Ham glosses over the fact that Hitler was a Democratic Socialist that simply got too much power before he became a dictatorial fascist. That is where the 5% bad comes in. The last chapter and epilogue read as if they were written by someone completely different.

This book that so expertly weaves a tale based on facts, letters, news account and even Nazi propaganda, switched gear into a Trump-bashing hit piece right at the end. It was jarring as a reader to be taken from what felt like an unbiased historical non-fiction tale into a vitriolic opinion story. His reference to Hitler’s desire to “Make the Fatherland Great Again” was just the first tease that Ham was going off-script and into opinion.

As he describes some of Hitler’s beliefs spelled out in Mien Kampf, he starts to explain what is wrong with the reasoning. Ham actually spends time to walk us through the fallacies of Hitler’s thoughts. It at this time, that the book begins to insult the reader’s intelligence.

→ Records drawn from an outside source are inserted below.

(* Let $\mathbb{X},\mathbb{Y}$ be finite-dimensional real Hilbert spaces, $f:\mathbb{X}\to(-\infty,\infty]$ and $g:\mathbb{Y}\to(-\infty,\infty]$ proper, convex and lower semicontinuous, $K:\mathbb{X}\to\mathbb{Y}$ linear, and $h:\mathbb{X}\to\mathbb{R}$ convex and differentiable with $\bar L$-Lipschitz gradient. Assume (A1) below holds. Let $(\bar x,\bar w,\bar y)\in\mathbf{\Omega}$ and let $\{(z_n,x_n,w_n,y_n,\tau_n)\}$ be generated by the P-GRPDA algorithm described in the context. Then for any $y\in\mathbb{Y}$ there exists a natural number $n_2$ such that for all $n\ge n_2$, $$2\tau_n\mathbb{J}(x_n,w_n,y)+\frac{\psi}{\psi-1}\|\bar x-z_{n+2}\|^2+\frac1\beta\|y-y_n\|^2+\mu'\|x_n-x_{n+1}\|^2\le \frac{\psi}{\psi-1}\|\bar x-z_{n+1}\|^2+\frac1\beta\|y-y_{n-1}\|^2+\mu'\|x_n-x_{n-1}\|^2-\psi\bar\theta_n\|x_n-z_{n+1}\|^2,$$ where $\bar\theta_n=\tau_n/\tau_{n-1}$.
   Context: $\phi=\frac{1+\sqrt5}{2}$; $K^*$ adjoint of $K$; $g^*$ Fenchel conjugate of $g$; $\operatorname{prox}_{\lambda f}(x)=\arg\min_{u}\{f(u)+\frac{1}{2\lambda}\|u-x\|^2\}$. (A1): the saddle point problem $\min_{x}\max_{y}\mathbb{L}(x,y):=f(x)+h(x)+\langle Kx,y\rangle-g^*(y)$ has a nonempty solution set, and $0\in\operatorname{ri}(K(\operatorname{dom}f)-\operatorname{dom}g)$ (ri = relative interior). (The paper also assumes the proximal maps of $f,g$ are efficiently computable.) $\Phi(x,w):=f(x)+h(x)+g(w)$; $\mathbf{\Omega}:=\{(\bar x,\bar w,\bar y)\in\mathbb{X}\times\mathbb{Y}\times\mathbb{Y}: -K^*\bar y\in\partial f(\bar x)+\nabla h(\bar x),\ \bar y\in\partial g(\bar w),\ K\bar x=\bar w\}$; for the fixed $(\bar x,\bar w,\bar y)\in\mathbf{\Omega}$, $\mathbb{J}(x,w,y):=\Phi(x,w)+\langle y,Kx-w\rangle-\Phi(\bar x,\bar w)$. P-GRPDA: choose $x_0\in\mathbb{X}$, $y_0\in\mathbb{Y}$, set $z_0=x_0$, choose $\beta>0$, $\psi\in(1,\phi]$, $0<2\mu'<\mu<\psi/2$, $\tau_0>0$. For $n=1,2,\dots$: $z_n=\frac{\psi-1}{\psi}x_{n-1}+\frac1\psi z_{n-1}$; $x_n=\operatorname{prox}_{\tau_{n-1}f}\big(z_n-\tau_{n-1}K^*y_{n-1}-\tau_{n-1}\nabla h(x_{n-1})\big)$; $\tau_n=\min\left\{\tau_{n-1},\ \frac{\mu\|x_n-x_{n-1}\|}{\sqrt\beta\|Kx_n-Kx_{n-1}\|},\ \frac{\mu'\|x_n-x_{n-1}\|}{\|\nabla h(x_n)-\nabla h(x_{n-1})\|}\right\}$, $\sigma_n=\beta\tau_n$; $w_n=\operatorname{prox}_{\frac{1}{\sigma_n}g}\big(\frac{y_{n-1}}{\sigma_n}+Kx_n\big)$; $y_n=y_{n-1}+\sigma_n(Kx_n-w_n)$. Conventions in the $\tau_n$ update: $1/0=\infty$ (a term with zero denominator and nonzero numerator is ignored) and $0/0=\infty$ (so $\tau_n=\tau_{n-1}$ if $x_n=x_{n-1}$). *)

theory Defs
  imports "HOL-Analysis.Analysis"
begin

definition edom :: "('a \<Rightarrow> ereal) \<Rightarrow> 'a set" where
  "edom f = {x. f x < \<infinity>}"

Thank you sooooo much, Mr Ham for explaining to me that Hitler is a bad guy. I am so glad I had you here to clear up that confusion for me.  Tying Hitler to Trump really helps me see why he is a bad guy too… said no one ever.

Ignore the Epilogue and the last chapter and you have yourself a very good book. With them, you have just more propaganda… coincidentally from the same political ideology that helped Hitler rise to power.